Hitting a Strong Overhead
If you are unable to anticipate and avoid the lob from your opponents (for instance, if your opponents throw up an unexpected, effective lob from the transition area or off their backhand side), then the most you can do is to hit a solid shot in response to the lob. Once you recognize that your opponents are sending a lob in your direction, you have two options (assuming the lob will land within the pickleball court and not out of bounds): (1) try to take the pickleball out of the air with an overhead; or (2) let the pickleball bounce and hit the pickleball off the bounce.
Assuming that the lob is short, or you have enough of a jump to take the pickleball out of the air, then the best defense to a lob may just be a killer overhead.
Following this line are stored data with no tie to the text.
lemma dominates_from_closed_dominates:
  assumes G: "simple_graph V E" and no_isolated: "\<not> has_isolated_vertex V E"
    and I: "independent V E I" and D: "D \<subseteq> V" "closed_dominates E D I"
  obtains D' where "D' \<subseteq> V" "card D' \<le> card D" "dominates E D' I"
proof -
  have fin: "finite V" and E_in_V: "\<And>u w. E u w \<Longrightarrow> u \<in> V \<and> w \<in> V"
    using G unfolding simple_graph_def by auto
  have "I \<subseteq> V" using I unfolding independent_def by auto
  \<comment> \<open>Moving the vertices of \<open>I\<close> in \<open>D\<close> to neighbours keeps \<open>D\<close> dominating, because \<open>I\<close> is
      independent.\<close>
  define nb where "nb x = (if x \<in> I then (SOME u. E x u) else x)" for x
  have E_nb: "E x (nb x)" if "x \<in> I" for x
  proof -
    have "\<exists>u. E x u" using no_isolated that \<open>I \<subseteq> V\<close> unfolding has_isolated_vertex_def by auto
    then show ?thesis unfolding nb_def using that by (auto intro: someI_ex)
  qed
  have "\<exists>u\<in>nb ` D. E x u" if "x \<in> I" for x
  proof (cases "x \<in> D")
    case True
    then show ?thesis using E_nb[OF \<open>x \<in> I\<close>] by blast
  next
    case False
    then obtain u where "u \<in> D" "E x u"
      using D(2) \<open>x \<in> I\<close> unfolding closed_dominates_def by blast
    moreover have "nb u = u"
      using calculation I \<open>x \<in> I\<close> unfolding independent_def nb_def by auto
    ultimately show ?thesis by (intro bexI[of _ u]) (auto intro: rev_image_eqI)
  qed
  then have "dominates E (nb ` D) I" unfolding dominates_def by blast
  moreover have "nb ` D \<subseteq> V"
    using D(1) E_nb E_in_V unfolding nb_def by auto
  moreover have "card (nb ` D) \<le> card D"
    using card_image_le[OF finite_subset[OF D(1) fin]] .
  ultimately show ?thesis using that by blast
qed

lemma dom_number_eq_closed_dom_number:
  assumes G: "simple_graph V E" and no_isolated: "\<not> has_isolated_vertex V E"
    and I: "independent V E I"
  shows "dom_number V E I = closed_dom_number V E I"
proof -
  have "I \<subseteq> V" using I unfolding independent_def by auto
  obtain D where D: "D \<subseteq> V" "card D = closed_dom_number V E I" "closed_dominates E D I"
    using closed_dom_number_obtain[OF \<open>I \<subseteq> V\<close>] .
  obtain D' where D': "D' \<subseteq> V" "card D' \<le> card D" "dominates E D' I"
    using dominates_from_closed_dominates[OF G no_isolated I D(1,3)] .
  then have "\<exists>k D. D \<subseteq> V \<and> card D = k \<and> dominates E D I" by blast
  then have "\<exists>D. D \<subseteq> V \<and> card D = dom_number V E I \<and> dominates E D I"
    unfolding dom_number_def by (rule LeastI_ex)
  then have "closed_dom_number V E I \<le> dom_number V E I"
    using closed_dom_number_le unfolding dominates_def closed_dominates_def by fastforce
  moreover have "dom_number V E I \<le> card D'"
    unfolding dom_number_def by (rule Least_le) (use D' in blast)
  ultimately show ?thesis using D'(2) D(2) by simp
qed

lemma ind_dom_number_eq_ind_closed_dom_number:
  assumes "simple_graph V E" "\<not> has_isolated_vertex V E"
  shows "the_enat (ind_dom_number V E) = ind_closed_dom_number V E {}"
proof -
  have "{dom_number V E I | I. independent V E I}
          = {closed_dom_number V E I | I. independent V E I \<and> I \<inter> {} = {}}"
    using dom_number_eq_closed_dom_number[OF assms] by force
  then show ?thesis
    unfolding ind_dom_number_def ind_closed_dom_number_def using assms(2) by simp
qed

theorem theorem1p2:
  fixes V :: "'a set" and E :: "'a \<Rightarrow> 'a \<Rightarrow> bool"
  assumes "simple_graph V E"
    and "\<not> has_isolated_vertex V E"
  shows "d_collapsible (int (card V) - int (the_enat (ind_dom_number V E)) - 1)
           (non_cover_complex V E)"
  using d_collapsible_looped_non_cover_complex[OF assms(1), of "{}"]
  unfolding non_cover_complex_eq_looped ind_dom_number_eq_ind_closed_dom_number[OF assms] .

end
To crush the overhead:
- Immediately rotate your body sideways to avoid backpedaling (which can be dangerous on the pickleball court). Also, be careful not to step forward when preparing to track down the lob. If you step forward too much, you could commit an inadvertent foot fault if you step on the Non-Volley Zone line;
- Raise your paddle up by your ear with your paddle laid back and elbow up, and point your non-paddle hand at the pickleball out in front of your body. To note, this is important to help guide where you will make contact with the pickleball and can also help block the sun on sunny days;
- Move your feet—by moving sideways and not backpedaling—to make sure you are positioned to hit the pickleball out in front of your body. Also, if you are jumping into the air, it is important to correctly time your jump, so that you are making contact with the pickleball at the height of your jump;
- Bring your paddle square to meet the pickleball out in front of your body with full-arm extension (if you are right-handed, think about hitting at 1 o'clock (imagining a clock is in front of you); if you are left-handed, think about hitting at 11 o'clock (imagining a clock is in front of you)). Also, to note, it is important to accelerate up to the point of contact, rather than accelerating down after contact; and
- Finish your overhead by following through the pickleball down and slightly across your body.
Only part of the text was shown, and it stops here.